▶ **Collection entries**
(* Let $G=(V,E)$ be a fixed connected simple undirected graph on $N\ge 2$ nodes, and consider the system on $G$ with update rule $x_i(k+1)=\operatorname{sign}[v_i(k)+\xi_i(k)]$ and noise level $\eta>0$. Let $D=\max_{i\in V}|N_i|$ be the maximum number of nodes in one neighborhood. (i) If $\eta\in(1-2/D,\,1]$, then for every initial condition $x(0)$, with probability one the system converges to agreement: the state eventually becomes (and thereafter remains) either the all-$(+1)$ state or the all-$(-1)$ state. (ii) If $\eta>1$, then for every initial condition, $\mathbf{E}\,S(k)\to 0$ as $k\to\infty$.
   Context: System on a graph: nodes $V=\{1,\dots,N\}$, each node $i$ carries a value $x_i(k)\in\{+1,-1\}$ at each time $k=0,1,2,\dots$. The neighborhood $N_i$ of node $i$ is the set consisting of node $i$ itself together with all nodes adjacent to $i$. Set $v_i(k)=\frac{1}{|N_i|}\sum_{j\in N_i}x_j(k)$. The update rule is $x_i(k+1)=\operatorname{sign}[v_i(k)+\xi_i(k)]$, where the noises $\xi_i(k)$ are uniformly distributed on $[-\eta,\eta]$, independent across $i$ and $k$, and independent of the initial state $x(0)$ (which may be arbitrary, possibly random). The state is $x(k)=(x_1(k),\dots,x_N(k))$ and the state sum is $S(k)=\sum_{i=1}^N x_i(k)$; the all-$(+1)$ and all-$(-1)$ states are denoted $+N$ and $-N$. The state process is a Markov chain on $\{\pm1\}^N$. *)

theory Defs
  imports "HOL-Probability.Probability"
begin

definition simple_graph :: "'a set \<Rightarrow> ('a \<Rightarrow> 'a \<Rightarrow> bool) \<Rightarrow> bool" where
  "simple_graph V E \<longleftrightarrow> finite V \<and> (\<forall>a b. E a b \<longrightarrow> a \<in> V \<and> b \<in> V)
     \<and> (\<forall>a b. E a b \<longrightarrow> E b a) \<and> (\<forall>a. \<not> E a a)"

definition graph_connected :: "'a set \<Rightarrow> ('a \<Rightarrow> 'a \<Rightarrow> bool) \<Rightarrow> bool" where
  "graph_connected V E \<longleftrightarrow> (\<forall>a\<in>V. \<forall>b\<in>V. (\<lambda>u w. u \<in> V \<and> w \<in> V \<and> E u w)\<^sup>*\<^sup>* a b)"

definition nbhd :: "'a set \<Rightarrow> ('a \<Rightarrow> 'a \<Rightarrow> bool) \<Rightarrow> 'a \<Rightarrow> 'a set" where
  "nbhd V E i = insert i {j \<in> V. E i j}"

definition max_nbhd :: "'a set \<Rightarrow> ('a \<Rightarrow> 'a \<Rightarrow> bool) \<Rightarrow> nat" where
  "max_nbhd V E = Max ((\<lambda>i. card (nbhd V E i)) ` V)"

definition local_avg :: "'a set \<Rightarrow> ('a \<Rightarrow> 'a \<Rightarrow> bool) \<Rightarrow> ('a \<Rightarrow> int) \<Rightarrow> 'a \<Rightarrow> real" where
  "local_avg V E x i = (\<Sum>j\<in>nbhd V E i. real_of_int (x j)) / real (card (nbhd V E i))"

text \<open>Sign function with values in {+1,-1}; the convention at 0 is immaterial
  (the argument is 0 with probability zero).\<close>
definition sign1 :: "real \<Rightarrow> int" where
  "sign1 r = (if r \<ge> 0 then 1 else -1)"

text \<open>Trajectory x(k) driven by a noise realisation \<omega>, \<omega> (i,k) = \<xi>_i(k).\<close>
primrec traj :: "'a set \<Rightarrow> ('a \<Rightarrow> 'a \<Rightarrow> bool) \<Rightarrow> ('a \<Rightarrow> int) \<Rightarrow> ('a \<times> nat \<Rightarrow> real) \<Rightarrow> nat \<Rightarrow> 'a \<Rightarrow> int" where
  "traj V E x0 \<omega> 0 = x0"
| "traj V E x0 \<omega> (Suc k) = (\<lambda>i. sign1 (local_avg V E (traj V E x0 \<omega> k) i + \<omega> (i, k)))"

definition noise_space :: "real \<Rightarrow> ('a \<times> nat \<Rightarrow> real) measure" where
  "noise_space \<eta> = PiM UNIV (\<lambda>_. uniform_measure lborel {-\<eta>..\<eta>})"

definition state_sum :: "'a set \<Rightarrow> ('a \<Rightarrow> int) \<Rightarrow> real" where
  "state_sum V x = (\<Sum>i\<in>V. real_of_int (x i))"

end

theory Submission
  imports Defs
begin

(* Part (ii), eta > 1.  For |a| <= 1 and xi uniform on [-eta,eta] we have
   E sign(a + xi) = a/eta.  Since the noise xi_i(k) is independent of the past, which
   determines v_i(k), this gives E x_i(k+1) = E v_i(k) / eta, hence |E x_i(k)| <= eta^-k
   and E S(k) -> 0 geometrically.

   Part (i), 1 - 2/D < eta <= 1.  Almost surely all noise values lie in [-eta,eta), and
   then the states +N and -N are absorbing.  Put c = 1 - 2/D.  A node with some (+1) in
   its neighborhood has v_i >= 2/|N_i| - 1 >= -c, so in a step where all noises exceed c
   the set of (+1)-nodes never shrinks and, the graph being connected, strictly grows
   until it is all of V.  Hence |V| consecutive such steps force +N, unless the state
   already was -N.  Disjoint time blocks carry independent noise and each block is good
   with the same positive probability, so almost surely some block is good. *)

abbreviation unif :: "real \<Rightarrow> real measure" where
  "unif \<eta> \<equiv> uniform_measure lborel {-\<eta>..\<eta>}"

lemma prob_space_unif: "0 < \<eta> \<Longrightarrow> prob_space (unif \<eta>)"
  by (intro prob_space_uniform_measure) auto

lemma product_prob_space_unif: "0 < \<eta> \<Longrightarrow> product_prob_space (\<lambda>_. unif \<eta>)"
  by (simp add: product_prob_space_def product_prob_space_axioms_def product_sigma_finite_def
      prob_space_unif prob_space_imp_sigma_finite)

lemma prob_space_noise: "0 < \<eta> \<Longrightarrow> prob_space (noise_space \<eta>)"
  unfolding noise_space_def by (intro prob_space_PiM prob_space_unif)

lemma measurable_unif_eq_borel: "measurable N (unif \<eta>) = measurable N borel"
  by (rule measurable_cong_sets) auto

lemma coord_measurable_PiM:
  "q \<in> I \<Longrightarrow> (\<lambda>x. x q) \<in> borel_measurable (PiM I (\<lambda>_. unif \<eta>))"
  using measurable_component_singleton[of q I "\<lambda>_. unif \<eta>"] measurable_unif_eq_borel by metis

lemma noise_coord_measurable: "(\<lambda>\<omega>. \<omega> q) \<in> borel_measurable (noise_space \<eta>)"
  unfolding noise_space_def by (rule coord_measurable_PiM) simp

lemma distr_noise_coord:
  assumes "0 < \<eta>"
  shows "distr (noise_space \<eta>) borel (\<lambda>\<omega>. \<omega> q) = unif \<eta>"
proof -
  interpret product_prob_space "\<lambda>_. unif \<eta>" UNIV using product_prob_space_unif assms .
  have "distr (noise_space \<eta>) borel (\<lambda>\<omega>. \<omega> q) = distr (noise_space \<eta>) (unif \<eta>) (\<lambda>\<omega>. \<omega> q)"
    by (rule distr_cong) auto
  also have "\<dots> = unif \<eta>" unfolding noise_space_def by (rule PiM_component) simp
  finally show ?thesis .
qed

...

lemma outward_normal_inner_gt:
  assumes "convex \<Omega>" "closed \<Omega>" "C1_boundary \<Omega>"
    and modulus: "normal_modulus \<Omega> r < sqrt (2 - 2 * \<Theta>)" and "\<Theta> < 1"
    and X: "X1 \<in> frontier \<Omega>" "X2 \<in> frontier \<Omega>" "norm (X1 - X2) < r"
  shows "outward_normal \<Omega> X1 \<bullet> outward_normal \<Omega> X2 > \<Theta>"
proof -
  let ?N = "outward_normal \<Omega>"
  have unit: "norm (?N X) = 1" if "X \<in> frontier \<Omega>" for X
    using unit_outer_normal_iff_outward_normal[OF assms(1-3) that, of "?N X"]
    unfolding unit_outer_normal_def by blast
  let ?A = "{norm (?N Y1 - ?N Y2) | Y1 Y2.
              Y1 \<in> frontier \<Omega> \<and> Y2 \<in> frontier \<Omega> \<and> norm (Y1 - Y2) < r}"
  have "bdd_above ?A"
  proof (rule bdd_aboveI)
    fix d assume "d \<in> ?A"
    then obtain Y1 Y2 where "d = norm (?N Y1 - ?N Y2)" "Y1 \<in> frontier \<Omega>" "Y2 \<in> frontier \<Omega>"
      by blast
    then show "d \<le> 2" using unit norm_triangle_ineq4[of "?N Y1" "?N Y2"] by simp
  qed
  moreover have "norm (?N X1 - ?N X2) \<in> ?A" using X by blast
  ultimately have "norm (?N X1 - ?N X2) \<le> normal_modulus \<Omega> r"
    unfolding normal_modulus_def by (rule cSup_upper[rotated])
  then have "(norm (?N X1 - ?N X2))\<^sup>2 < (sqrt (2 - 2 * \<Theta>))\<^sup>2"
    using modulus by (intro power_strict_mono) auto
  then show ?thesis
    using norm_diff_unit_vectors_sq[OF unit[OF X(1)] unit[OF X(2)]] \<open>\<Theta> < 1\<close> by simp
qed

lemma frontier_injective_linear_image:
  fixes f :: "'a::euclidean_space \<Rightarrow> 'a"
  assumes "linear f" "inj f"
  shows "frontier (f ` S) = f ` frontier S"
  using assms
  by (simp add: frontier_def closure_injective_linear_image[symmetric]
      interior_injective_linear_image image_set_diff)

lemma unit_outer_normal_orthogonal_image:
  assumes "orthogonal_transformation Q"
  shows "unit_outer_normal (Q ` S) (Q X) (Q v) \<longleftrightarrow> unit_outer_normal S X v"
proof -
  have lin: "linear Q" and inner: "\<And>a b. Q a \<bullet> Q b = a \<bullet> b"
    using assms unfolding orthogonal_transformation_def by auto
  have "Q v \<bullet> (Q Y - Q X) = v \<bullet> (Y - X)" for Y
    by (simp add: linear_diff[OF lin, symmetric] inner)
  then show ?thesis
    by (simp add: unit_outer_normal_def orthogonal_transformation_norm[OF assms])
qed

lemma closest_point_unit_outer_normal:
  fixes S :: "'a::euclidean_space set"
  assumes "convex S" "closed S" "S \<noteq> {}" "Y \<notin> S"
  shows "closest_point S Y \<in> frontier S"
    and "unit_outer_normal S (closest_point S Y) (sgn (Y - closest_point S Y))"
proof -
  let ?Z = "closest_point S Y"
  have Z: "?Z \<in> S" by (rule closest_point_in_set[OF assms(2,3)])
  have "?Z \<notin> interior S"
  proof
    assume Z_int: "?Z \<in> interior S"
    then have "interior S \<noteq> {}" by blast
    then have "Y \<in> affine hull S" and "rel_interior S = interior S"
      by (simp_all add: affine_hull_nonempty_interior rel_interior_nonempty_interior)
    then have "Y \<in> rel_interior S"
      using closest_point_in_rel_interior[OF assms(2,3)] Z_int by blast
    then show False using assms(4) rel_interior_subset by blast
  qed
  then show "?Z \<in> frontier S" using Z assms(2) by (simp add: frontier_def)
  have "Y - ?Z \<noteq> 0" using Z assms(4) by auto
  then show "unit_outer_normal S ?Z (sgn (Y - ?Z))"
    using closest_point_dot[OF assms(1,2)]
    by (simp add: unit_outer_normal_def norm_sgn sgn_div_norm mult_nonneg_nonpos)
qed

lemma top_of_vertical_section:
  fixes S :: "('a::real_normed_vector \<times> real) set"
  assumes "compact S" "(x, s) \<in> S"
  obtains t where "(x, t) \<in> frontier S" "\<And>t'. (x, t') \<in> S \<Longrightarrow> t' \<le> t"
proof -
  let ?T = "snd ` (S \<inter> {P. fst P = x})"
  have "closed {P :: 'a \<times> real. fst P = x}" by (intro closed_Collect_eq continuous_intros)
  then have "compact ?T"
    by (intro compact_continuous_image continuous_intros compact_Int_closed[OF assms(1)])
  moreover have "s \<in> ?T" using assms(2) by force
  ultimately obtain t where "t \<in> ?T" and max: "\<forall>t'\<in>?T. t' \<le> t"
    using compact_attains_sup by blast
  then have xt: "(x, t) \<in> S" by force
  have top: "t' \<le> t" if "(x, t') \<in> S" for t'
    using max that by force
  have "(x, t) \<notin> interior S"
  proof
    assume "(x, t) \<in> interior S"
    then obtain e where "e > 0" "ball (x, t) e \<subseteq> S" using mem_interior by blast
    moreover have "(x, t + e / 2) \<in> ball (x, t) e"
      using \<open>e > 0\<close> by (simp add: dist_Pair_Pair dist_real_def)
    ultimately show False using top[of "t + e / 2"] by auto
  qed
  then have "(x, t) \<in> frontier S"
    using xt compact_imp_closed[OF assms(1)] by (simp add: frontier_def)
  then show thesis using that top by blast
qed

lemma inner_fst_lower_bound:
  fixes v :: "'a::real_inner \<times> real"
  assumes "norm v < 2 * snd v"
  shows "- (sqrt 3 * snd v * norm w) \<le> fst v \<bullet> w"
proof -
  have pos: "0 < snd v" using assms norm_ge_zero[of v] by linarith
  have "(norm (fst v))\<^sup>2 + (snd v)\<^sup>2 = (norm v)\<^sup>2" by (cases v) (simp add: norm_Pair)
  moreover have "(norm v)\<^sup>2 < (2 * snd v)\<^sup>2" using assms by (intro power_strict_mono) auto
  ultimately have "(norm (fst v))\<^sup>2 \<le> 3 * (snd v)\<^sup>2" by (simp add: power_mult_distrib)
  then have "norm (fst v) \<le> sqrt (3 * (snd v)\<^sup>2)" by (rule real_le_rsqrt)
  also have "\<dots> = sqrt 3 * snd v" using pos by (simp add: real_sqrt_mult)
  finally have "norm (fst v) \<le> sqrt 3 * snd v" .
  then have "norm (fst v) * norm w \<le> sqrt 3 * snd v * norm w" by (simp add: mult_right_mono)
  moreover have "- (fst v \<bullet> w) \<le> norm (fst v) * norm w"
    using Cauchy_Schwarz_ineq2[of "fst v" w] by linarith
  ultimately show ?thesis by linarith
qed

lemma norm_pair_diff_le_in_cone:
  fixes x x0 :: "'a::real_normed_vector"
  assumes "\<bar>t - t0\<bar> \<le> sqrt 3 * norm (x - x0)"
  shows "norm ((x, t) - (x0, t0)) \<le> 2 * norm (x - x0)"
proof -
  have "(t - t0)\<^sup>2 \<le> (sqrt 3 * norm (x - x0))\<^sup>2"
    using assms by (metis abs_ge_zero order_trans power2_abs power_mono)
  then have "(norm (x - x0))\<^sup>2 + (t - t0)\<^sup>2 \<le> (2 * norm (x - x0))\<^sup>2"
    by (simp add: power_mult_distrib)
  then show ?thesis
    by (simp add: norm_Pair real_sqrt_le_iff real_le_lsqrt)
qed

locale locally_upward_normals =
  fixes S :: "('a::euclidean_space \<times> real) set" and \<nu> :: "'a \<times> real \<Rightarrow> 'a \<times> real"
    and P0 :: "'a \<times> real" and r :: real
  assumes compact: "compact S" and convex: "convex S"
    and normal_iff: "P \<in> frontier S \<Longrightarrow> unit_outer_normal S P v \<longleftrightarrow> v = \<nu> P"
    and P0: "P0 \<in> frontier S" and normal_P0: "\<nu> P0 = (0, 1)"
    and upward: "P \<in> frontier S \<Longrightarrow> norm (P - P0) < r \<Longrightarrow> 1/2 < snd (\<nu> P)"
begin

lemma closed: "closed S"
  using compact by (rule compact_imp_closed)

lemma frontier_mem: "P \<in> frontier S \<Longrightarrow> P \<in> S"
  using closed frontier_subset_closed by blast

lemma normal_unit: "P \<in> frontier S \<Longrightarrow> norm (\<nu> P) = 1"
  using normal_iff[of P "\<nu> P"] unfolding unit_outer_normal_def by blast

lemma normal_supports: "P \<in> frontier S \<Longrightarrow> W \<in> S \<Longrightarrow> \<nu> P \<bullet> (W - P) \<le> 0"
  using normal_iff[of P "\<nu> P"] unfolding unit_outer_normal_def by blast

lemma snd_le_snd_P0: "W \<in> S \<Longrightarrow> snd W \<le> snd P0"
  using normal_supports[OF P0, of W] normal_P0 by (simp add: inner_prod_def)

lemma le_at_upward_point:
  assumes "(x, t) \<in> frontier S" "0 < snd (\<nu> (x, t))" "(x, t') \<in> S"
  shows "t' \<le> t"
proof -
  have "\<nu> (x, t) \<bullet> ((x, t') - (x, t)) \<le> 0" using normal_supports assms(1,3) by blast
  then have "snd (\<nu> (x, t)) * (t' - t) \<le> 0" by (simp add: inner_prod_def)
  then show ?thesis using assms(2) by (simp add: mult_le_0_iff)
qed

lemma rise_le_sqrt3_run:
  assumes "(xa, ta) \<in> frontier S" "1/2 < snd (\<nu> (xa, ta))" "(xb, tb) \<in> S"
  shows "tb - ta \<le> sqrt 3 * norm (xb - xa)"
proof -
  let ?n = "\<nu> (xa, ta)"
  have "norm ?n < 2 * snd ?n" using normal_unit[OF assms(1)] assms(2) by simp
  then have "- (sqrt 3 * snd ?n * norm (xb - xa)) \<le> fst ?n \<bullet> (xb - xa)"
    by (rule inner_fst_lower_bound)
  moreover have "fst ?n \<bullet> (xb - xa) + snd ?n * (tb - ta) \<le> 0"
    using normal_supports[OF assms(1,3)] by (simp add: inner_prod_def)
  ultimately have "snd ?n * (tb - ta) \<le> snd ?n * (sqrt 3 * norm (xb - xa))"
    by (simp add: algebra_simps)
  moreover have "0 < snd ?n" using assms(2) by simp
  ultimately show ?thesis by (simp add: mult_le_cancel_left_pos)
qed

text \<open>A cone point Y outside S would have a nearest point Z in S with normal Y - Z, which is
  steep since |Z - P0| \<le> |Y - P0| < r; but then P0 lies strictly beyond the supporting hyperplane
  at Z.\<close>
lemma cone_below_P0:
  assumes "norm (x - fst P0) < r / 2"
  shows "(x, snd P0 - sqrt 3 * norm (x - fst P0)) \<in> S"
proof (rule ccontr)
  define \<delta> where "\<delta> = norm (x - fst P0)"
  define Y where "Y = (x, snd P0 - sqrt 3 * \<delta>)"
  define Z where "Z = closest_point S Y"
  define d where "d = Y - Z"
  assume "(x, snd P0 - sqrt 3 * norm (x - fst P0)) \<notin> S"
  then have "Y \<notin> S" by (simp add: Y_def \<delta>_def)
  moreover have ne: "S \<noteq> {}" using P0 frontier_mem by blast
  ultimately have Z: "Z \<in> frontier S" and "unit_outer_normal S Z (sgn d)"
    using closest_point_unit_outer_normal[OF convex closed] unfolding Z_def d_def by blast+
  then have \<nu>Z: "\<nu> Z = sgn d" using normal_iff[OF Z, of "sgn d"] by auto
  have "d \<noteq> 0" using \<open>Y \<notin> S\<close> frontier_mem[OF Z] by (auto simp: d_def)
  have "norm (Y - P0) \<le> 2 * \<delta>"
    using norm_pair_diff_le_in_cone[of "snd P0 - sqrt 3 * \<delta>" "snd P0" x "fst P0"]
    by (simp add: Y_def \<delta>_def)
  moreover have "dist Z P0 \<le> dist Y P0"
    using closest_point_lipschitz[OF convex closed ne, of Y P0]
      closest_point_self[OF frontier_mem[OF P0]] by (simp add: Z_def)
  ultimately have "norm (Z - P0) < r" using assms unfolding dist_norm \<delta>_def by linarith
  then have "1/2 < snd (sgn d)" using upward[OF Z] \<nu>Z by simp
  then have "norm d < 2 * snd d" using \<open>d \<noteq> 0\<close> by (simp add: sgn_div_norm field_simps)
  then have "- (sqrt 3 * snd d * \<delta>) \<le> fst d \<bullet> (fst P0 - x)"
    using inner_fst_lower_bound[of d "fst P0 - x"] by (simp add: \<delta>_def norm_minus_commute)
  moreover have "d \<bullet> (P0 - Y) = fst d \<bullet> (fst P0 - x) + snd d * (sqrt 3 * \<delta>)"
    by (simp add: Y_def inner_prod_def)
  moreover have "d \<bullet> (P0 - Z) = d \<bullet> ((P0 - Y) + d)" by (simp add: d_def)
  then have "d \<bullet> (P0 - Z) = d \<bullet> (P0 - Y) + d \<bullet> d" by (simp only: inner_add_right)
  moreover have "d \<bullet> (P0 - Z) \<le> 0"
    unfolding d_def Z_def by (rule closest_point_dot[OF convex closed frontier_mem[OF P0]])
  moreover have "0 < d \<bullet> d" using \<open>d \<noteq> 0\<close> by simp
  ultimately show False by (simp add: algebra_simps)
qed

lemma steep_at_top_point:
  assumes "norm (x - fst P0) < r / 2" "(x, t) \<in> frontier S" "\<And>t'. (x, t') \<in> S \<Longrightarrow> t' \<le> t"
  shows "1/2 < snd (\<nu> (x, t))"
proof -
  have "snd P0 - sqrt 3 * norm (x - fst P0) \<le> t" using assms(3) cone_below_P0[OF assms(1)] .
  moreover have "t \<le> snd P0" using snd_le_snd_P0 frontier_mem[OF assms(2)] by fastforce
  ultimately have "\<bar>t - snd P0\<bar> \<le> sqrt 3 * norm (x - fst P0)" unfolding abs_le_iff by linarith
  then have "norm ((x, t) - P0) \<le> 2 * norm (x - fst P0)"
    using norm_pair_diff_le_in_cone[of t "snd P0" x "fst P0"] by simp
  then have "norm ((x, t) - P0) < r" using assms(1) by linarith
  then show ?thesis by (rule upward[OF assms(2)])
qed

▶ **WHAT TO PRODUCE**
If a line of the records above holds the word "notin", show it.

▶ **ANSWER FOR THIS EXERCISE**
  assumes "convex S" "closed S" "S \<noteq> {}" "Y \<notin> S"
  have "?Z \<notin> interior S"
  have "(x, t) \<notin> interior S"
  assume "(x, snd P0 - sqrt 3 * norm (x - fst P0)) \<notin> S"
  then have "Y \<notin> S" by (simp add: Y_def \<delta>_def)
  have "d \<noteq> 0" using \<open>Y \<notin> S\<close> frontier_mem[OF Z] by (auto simp: d_def)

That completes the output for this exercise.